Chesapeake Energy Corp., led by founder and CEO Aubrey McClendon, Trinity ’81, has seen a sudden decline in share prices and outcry from investors following news that McClendon borrowed heavily to buy a personal stake in the its natural gas wells.
McClendon allegedly borrowed approximately $1.1 billion over the last three years and used his stake in Chesapeake’s natural gas and oil wells as collateral, Reuters reported April 18. McClendon’s stake stemmed from a company perk that allowed him a 2.5 percent cut of the profits from the wells he owns but also requires him to cover 2.5 percent of the costs.

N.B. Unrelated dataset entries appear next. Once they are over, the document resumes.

lemma dihedral_5_embedding_lin_aut_Fab:
  fixes z a b :: "'b::field"
  assumes "z^5 = 1" and primitive: "\<forall>j. 0 < j \<and> j < 5 \<longrightarrow> z^j \<noteq> 1"
  shows "dihedral_5_embedding (lin_aut 3 (Fab_coeffs a b)) (\<lambda>x. pmap (dihedral_mat z x))"
proof -
  have "z \<noteq> 0"
    using assms(1) by (metis zero_neq_one zero_power zero_less_numeral)
  have closed: "pmap (dihedral_mat z x) \<in> carrier (lin_aut 3 (Fab_coeffs a b))" for x
    using pmap_in_lin_aut[OF mat_invertible_dihedral_mat[OF \<open>z \<noteq> 0\<close>]]
      hom_eval_Fab_coeffs_dihedral_mat[OF assms(1)] by (cases x) blast
  have "pmap (dihedral_mat z (x \<otimes>\<^bsub>dihedral 5\<^esub> y))
      = pmap (dihedral_mat z x) \<otimes>\<^bsub>lin_aut 3 (Fab_coeffs a b)\<^esub> pmap (dihedral_mat z y)"
    if "y \<in> carrier (dihedral 5)" for x y
    using that dihedral_mat_mult[OF assms(1)]
    by (cases x; cases y) (simp add: mult_lin_aut pmap_matmul mat_invertible_dihedral_mat
        \<open>z \<noteq> 0\<close> carrier_dihedral_5)
  then show ?thesis
    unfolding dihedral_5_embedding_def dihedral_5_embedding_axioms_def
    using group_lin_aut closed pmap_dihedral_mat_inj[OF \<open>z \<noteq> 0\<close> primitive]
    by (auto intro: homI)
qed

lemma Fab_dihedral_subgroup:
  fixes z a b :: "'b::field"
  assumes "z^5 = 1" and "\<forall>j. 0 < j \<and> j < 5 \<longrightarrow> z^j \<noteq> 1"
  shows "let G = lin_aut 3 (Fab_coeffs a b); \<alpha> = pmap (alpha_mat z);
             \<iota> = pmap (iota_mat :: 5 \<Rightarrow> 5 \<Rightarrow> 'b)
         in group G \<and> \<alpha> \<in> carrier G \<and> \<iota> \<in> carrier G \<and> group.ord G \<alpha> = 5 \<and>
            group.ord G \<iota> = 2 \<and> card (generate G {\<alpha>, \<iota>}) = 10 \<and>
            G\<lparr>carrier := generate G {\<alpha>, \<iota>}\<rparr> \<cong> dihedral 5"
proof -
  interpret dihedral_5_embedding "lin_aut 3 (Fab_coeffs a b)" "\<lambda>x. pmap (dihedral_mat z x)"
    using assms by (rule dihedral_5_embedding_lin_aut_Fab)
  show ?thesis
    unfolding Let_def alpha_mat_eq_dihedral_mat iota_mat_eq_dihedral_mat[of z]
    using is_group f_closed ord_f_rotation ord_f_reflection generate_f_generators card_f_image
      f_image_iso by simp
qed
lemma sum_divide_sqrt_partial_sums_le:
  fixes a :: "nat \<Rightarrow> real"
  assumes "\<And>t. 0 \<le> a t"
  shows "(\<Sum>t=1..T. a t / sqrt (\<Sum>s=1..t. a s)) \<le> 2 * sqrt (\<Sum>t=1..T. a t)"
proof (induction T)
  case (Suc T)
  have "a (Suc T) / sqrt (\<Sum>s=1..Suc T. a s)
      \<le> 2 * (sqrt (\<Sum>s=1..Suc T. a s) - sqrt (\<Sum>s=1..T. a s))"
    using divide_sqrt_le_sqrt_diff[of "a (Suc T)" "\<Sum>s=1..Suc T. a s"] assms
    by (simp add: sum_nonneg)
  with Suc show ?case
    by simp
qed simp

lemma sum_mult_adaptive_step_le:
  fixes a \<gamma> B :: "nat \<Rightarrow> real"
  assumes "\<And>t. 0 \<le> a t" "0 \<le> c"
    and partial: "\<And>t. t \<in> {1..T} \<Longrightarrow> (\<Sum>s=1..t. a s) \<le> B t"
    and step: "\<And>t. t \<in> {1..T} \<Longrightarrow> \<gamma> t \<le> c / sqrt (B t)"
  shows "(\<Sum>t=1..T. \<gamma> t * a t) \<le> 2 * c * sqrt (\<Sum>t=1..T. a t)"
proof -
  have "\<gamma> t * a t \<le> c * (a t / sqrt (\<Sum>s=1..t. a s))" if t: "t \<in> {1..T}" for t
  proof (cases "a t = 0")
    case False
    have "a t \<le> (\<Sum>s=1..t. a s)"
      using t assms(1) by (intro member_le_sum) auto
    then have pos: "0 < (\<Sum>s=1..t. a s)"
      using False assms(1)[of t] by linarith
    have "\<gamma> t * a t \<le> c / sqrt (B t) * a t"
      using step[OF t] assms(1) by (rule mult_right_mono)
    also have "\<dots> \<le> c / sqrt (\<Sum>s=1..t. a s) * a t"
      using partial[OF t] pos assms by (intro mult_right_mono divide_left_mono) auto
    finally show ?thesis
      by simp
  qed simp
  then have "(\<Sum>t=1..T. \<gamma> t * a t) \<le> (\<Sum>t=1..T. c * (a t / sqrt (\<Sum>s=1..t. a s)))"
    by (rule sum_mono)
  also have "\<dots> = c * (\<Sum>t=1..T. a t / sqrt (\<Sum>s=1..t. a s))"
    by (rule sum_distrib_left[symmetric])
  also have "\<dots> \<le> c * (2 * sqrt (\<Sum>t=1..T. a t))"
    using sum_divide_sqrt_partial_sums_le[of a T] assms by (intro mult_left_mono) auto
  finally show ?thesis
    by simp
qed

lemma sum_upto_le_delayed_sum:
  fixes a :: "nat \<Rightarrow> real"
  assumes "{1..t - \<tau> - 1} \<subseteq> A" "finite A" "\<And>s. 0 \<le> a s" "0 \<le> M"
    and "\<And>s. s \<in> {1..t} \<Longrightarrow> a s \<le> M"
  shows "(\<Sum>s=1..t. a s) \<le> (\<Sum>s\<in>A. a s) + (real \<tau> + 1) * M"
proof -
  define J where "J = {1..t} - {1..t - \<tau> - 1}"
  have "(\<Sum>s=1..t. a s) = (\<Sum>s\<in>J. a s) + (\<Sum>s=1..t - \<tau> - 1. a s)"
    unfolding J_def by (rule sum.subset_diff) auto
  also have "(\<Sum>s=1..t - \<tau> - 1. a s) \<le> (\<Sum>s\<in>A. a s)"
    using assms by (intro sum_mono2) auto
  also have "(\<Sum>s\<in>J. a s) \<le> real (card J) * M"
    using sum_bounded_above[of J a M] assms(5) by (auto simp: J_def)
  also have "\<dots> \<le> (real \<tau> + 1) * M"
  proof -
    have "card J \<le> card {t - \<tau>..t}"
      by (intro card_mono) (auto simp: J_def)
    then show ?thesis
      using \<open>0 \<le> M\<close> by (intro mult_right_mono) auto
  qed
  finally show ?thesis
    by simp
qed

lemma lipschitz_extragradient_inner_lower_bound:
  fixes F :: "'a::real_inner \<Rightarrow> 'a"
  assumes "L-lipschitz_on UNIV F" and small: "2 * (L * \<gamma>)\<^sup>2 \<le> 1" and "0 \<le> \<gamma>"
  shows "\<gamma> / 2 * (norm (F (y - \<gamma> *\<^sub>R m)))\<^sup>2 - \<gamma> * (norm (F y - m))\<^sup>2
    \<le> \<gamma> * (F (y - \<gamma> *\<^sub>R m) \<bullet> m)"
proof -
  define g d where "g = F (y - \<gamma> *\<^sub>R m)" and "d = norm (F y - m)"
  have "dist g (F y) \<le> L * dist (y - \<gamma> *\<^sub>R m) y"
    using assms(1) unfolding g_def lipschitz_on_def by blast
  then have "norm (g - F y) \<le> L * \<gamma> * norm m"
    using \<open>0 \<le> \<gamma>\<close> by (simp add: dist_norm)
  then have "norm (g - m) \<le> L * \<gamma> * norm m + d"
    using norm_triangle_ineq[of "g - F y" "F y - m"] by (simp add: d_def)
  then have "(norm (g - m))\<^sup>2 \<le> (L * \<gamma> * norm m + d)\<^sup>2"
    by (intro power_mono) auto
  also have "\<dots> \<le> 2 * (L * \<gamma>)\<^sup>2 * (norm m)\<^sup>2 + 2 * d\<^sup>2"
    using sum_squares_bound[of "L * \<gamma> * norm m" d]
    by (simp add: power2_eq_square algebra_simps)
  also have "\<dots> \<le> (norm m)\<^sup>2 + 2 * d\<^sup>2"
    using mult_right_mono[OF small, of "(norm m)\<^sup>2"] by simp
  finally have "(norm (g - m))\<^sup>2 \<le> (norm m)\<^sup>2 + 2 * d\<^sup>2" .
  moreover have "(norm (g - m))\<^sup>2 = (norm g)\<^sup>2 - 2 * (g \<bullet> m) + (norm m)\<^sup>2"
    by (simp add: power2_norm_eq_inner inner_diff_left inner_diff_right inner_commute)
  ultimately have "(norm g)\<^sup>2 / 2 - d\<^sup>2 \<le> g \<bullet> m"
    by simp
  from mult_left_mono[OF this \<open>0 \<le> \<gamma>\<close>] show ?thesis
    by (simp add: g_def d_def right_diff_distrib)
qed

lemma sum_inner_doda_step_eq:
  assumes x: "\<And>t. t \<in> {1..T} \<Longrightarrow> x t = x 1 - \<eta> t *\<^sub>R (\<Sum>s\<in>S t. V s (xh s))"
    and xh: "\<And>t. t \<in> {1..T} \<Longrightarrow> xh t = x t - \<gamma> t *\<^sub>R Vt t (x t)"
  shows "(\<Sum>t=1..T. V t (xh t) \<bullet> (xh t - p))
    = (\<Sum>t=1..T. V t (xh t)) \<bullet> (x 1 - p) - (\<Sum>t=1..T. \<eta> t * (V t (xh t) \<bullet> (\<Sum>s\<in>S t. V s (xh s))))
      - (\<Sum>t=1..T. \<gamma> t * (V t (xh t) \<bullet> Vt t (x t)))"
proof -
  have "V t (xh t) \<bullet> (xh t - p) = V t (xh t) \<bullet> (x 1 - p)
      - \<eta> t * (V t (xh t) \<bullet> (\<Sum>s\<in>S t. V s (xh s))) - \<gamma> t * (V t (xh t) \<bullet> Vt t (x t))"
    if "t \<in> {1..T}" for t
  proof -
    have "xh t = x 1 - \<eta> t *\<^sub>R (\<Sum>s\<in>S t. V s (xh s)) - \<gamma> t *\<^sub>R Vt t (x t)"
      by (subst xh[OF that], subst x[OF that]) (rule refl)
    then show ?thesis
      by (simp add: inner_diff_right)
  qed
  then show ?thesis
    by (simp add: sum_subtractf inner_sum_left)
qed

lemma arrival_prefix_closed:
  fixes \<sigma> :: "nat \<Rightarrow> nat"
  assumes "inj_on \<sigma> {1..T}" and prefix: "A = \<sigma> ` {1..card A}" and "A \<subseteq> {1..T}" "s \<in> A"
    and before: "B \<subseteq> \<sigma> ` {1..<inv_into {1..T} \<sigma> s}"
  shows "B \<subseteq> A"
proof -
  have "card A \<le> T"
    using card_mono[OF _ \<open>A \<subseteq> {1..T}\<close>] by simp
  obtain k where k: "k \<in> {1..card A}" "s = \<sigma> k"
    using \<open>s \<in> A\<close> by (subst (asm) prefix) blast
  then have "inv_into {1..T} \<sigma> s = k"
    using assms(1) \<open>card A \<le> T\<close> by (auto intro: inv_into_f_f)
  then have "B \<subseteq> \<sigma> ` {1..<k}"
    using before by simp
  also have "\<dots> \<subseteq> \<sigma> ` {1..card A}"
    using k(1) by (intro image_mono) auto
  also have "\<dots> = A"
    by (rule prefix[symmetric])
  finally show ?thesis .
qed

section \<open>Step sizes\<close>

lemma min_recip_mono: "x \<le> y \<Longrightarrow> min_recip x b \<le> min_recip y b"
  by (auto simp: min_recip_def)

lemma min_recip_le: "min_recip x b \<le> x"
  by (auto simp: min_recip_def)

lemma min_recip_le_divide: "b \<noteq> 0 \<Longrightarrow> min_recip x b \<le> 1 / b"
  by (simp add: min_recip_def)

lemma min_recip_nonneg: "0 \<le> x \<Longrightarrow> 0 \<le> b \<Longrightarrow> 0 \<le> min_recip x b"
  by (auto simp: min_recip_def)

lemma mult_min_recip: "0 < c \<Longrightarrow> c * min_recip x b = min_recip (c * x) (b / c)"
  by (auto simp: min_recip_def min_mult_distrib_left)

lemma divide_min_recip: "0 < x \<Longrightarrow> 0 \<le> b \<Longrightarrow> 1 / min_recip x b = max (1 / x) b"
  by (auto simp: min_recip_def min_def max_def divide_le_eq le_divide_eq field_simps)

definition doda_eta :: "nat \<Rightarrow> real \<Rightarrow> real \<Rightarrow> real \<Rightarrow> real \<Rightarrow> real" where
  "doda_eta \<tau> r L G D = min_recip
     (r / (2 * sqrt ((4 * real \<tau> + 1) * (D + 4 * G\<^sup>2 * (3 * real \<tau> + 1)))))
     (sqrt 2 * L * (4 * real \<tau> + 1))"

definition doda_gamma :: "nat \<Rightarrow> real \<Rightarrow> real \<Rightarrow> real \<Rightarrow> real \<Rightarrow> real" where
  "doda_gamma \<tau> r L G D = min_recip
     (r * sqrt (4 * real \<tau> + 1) / (2 * sqrt (D + 4 * G\<^sup>2 * (real \<tau> + 1))))
     (sqrt 2 * L)"

lemma doda_eta_nonneg: "0 \<le> r \<Longrightarrow> 0 \<le> L \<Longrightarrow> 0 \<le> D \<Longrightarrow> 0 \<le> doda_eta \<tau> r L G D"
  unfolding doda_eta_def by (intro min_recip_nonneg) auto

lemma doda_gamma_nonneg: "0 \<le> r \<Longrightarrow> 0 \<le> L \<Longrightarrow> 0 \<le> D \<Longrightarrow> 0 \<le> doda_gamma \<tau> r L G D"
  unfolding doda_gamma_def by (intro min_recip_nonneg) auto

lemma doda_eta_antimono:
  assumes "0 \<le> r" "0 < G" "0 \<le> D" "D \<le> D'"
  shows "doda_eta \<tau> r L G D' \<le> doda_eta \<tau> r L G D"
  unfolding doda_eta_def using assms
  by (intro min_recip_mono divide_left_mono mult_left_mono real_sqrt_le_mono mult_pos_pos)
    (auto intro!: mult_pos_pos add_nonneg_pos)

lemma doda_eta_le_gamma:
  assumes "0 \<le> r" "0 < G" "0 \<le> D"
  shows "(4 * real \<tau> + 1) * doda_eta \<tau> r L G D \<le> doda_gamma \<tau> r L G D"
proof -
  define Q X where "Q = 4 * real \<tau> + 1" and "X = D + 4 * G\<^sup>2 * (3 * real \<tau> + 1)"
  have "Q * (r / (2 * sqrt (Q * X))) = Q / sqrt Q * (r / (2 * sqrt X))"
    by (simp add: real_sqrt_mult)
  also have "\<dots> = r * sqrt Q / (2 * sqrt X)"
    by (simp add: Q_def real_div_sqrt)
  also have "\<dots> \<le> r * sqrt Q / (2 * sqrt (D + 4 * G\<^sup>2 * (real \<tau> + 1)))"
    using assms by (intro divide_left_mono mult_left_mono real_sqrt_le_mono mult_pos_pos)
      (auto simp: Q_def X_def intro!: mult_pos_pos add_nonneg_pos)
  finally show ?thesis
    unfolding doda_eta_def doda_gamma_def Q_def[symmetric] X_def[symmetric]
    by (simp add: mult_min_recip Q_def min_recip_mono)
qed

Chesapeake share prices dropped 7.7 percent to $17.65 following this news, the Associated Press reported Saturday. A shareholder filed a lawsuit against McClendon, Chesapeake Energy and members of the company’s board of directors in the U.S. District Court of Oklahoma City April 19.
Share prices for the company have been down 27 percent in the last month, peaking at $24.66 in March and closing at $18.00 Monday.
McClendon and his wife Kathleen, Trinity ’80, have given millions to the University, including gifts that helped build McClendon Tower and the West Campus Plaza.
Chesapeake, based in Oklahoma City, is the second largest natural gas producer in the United States.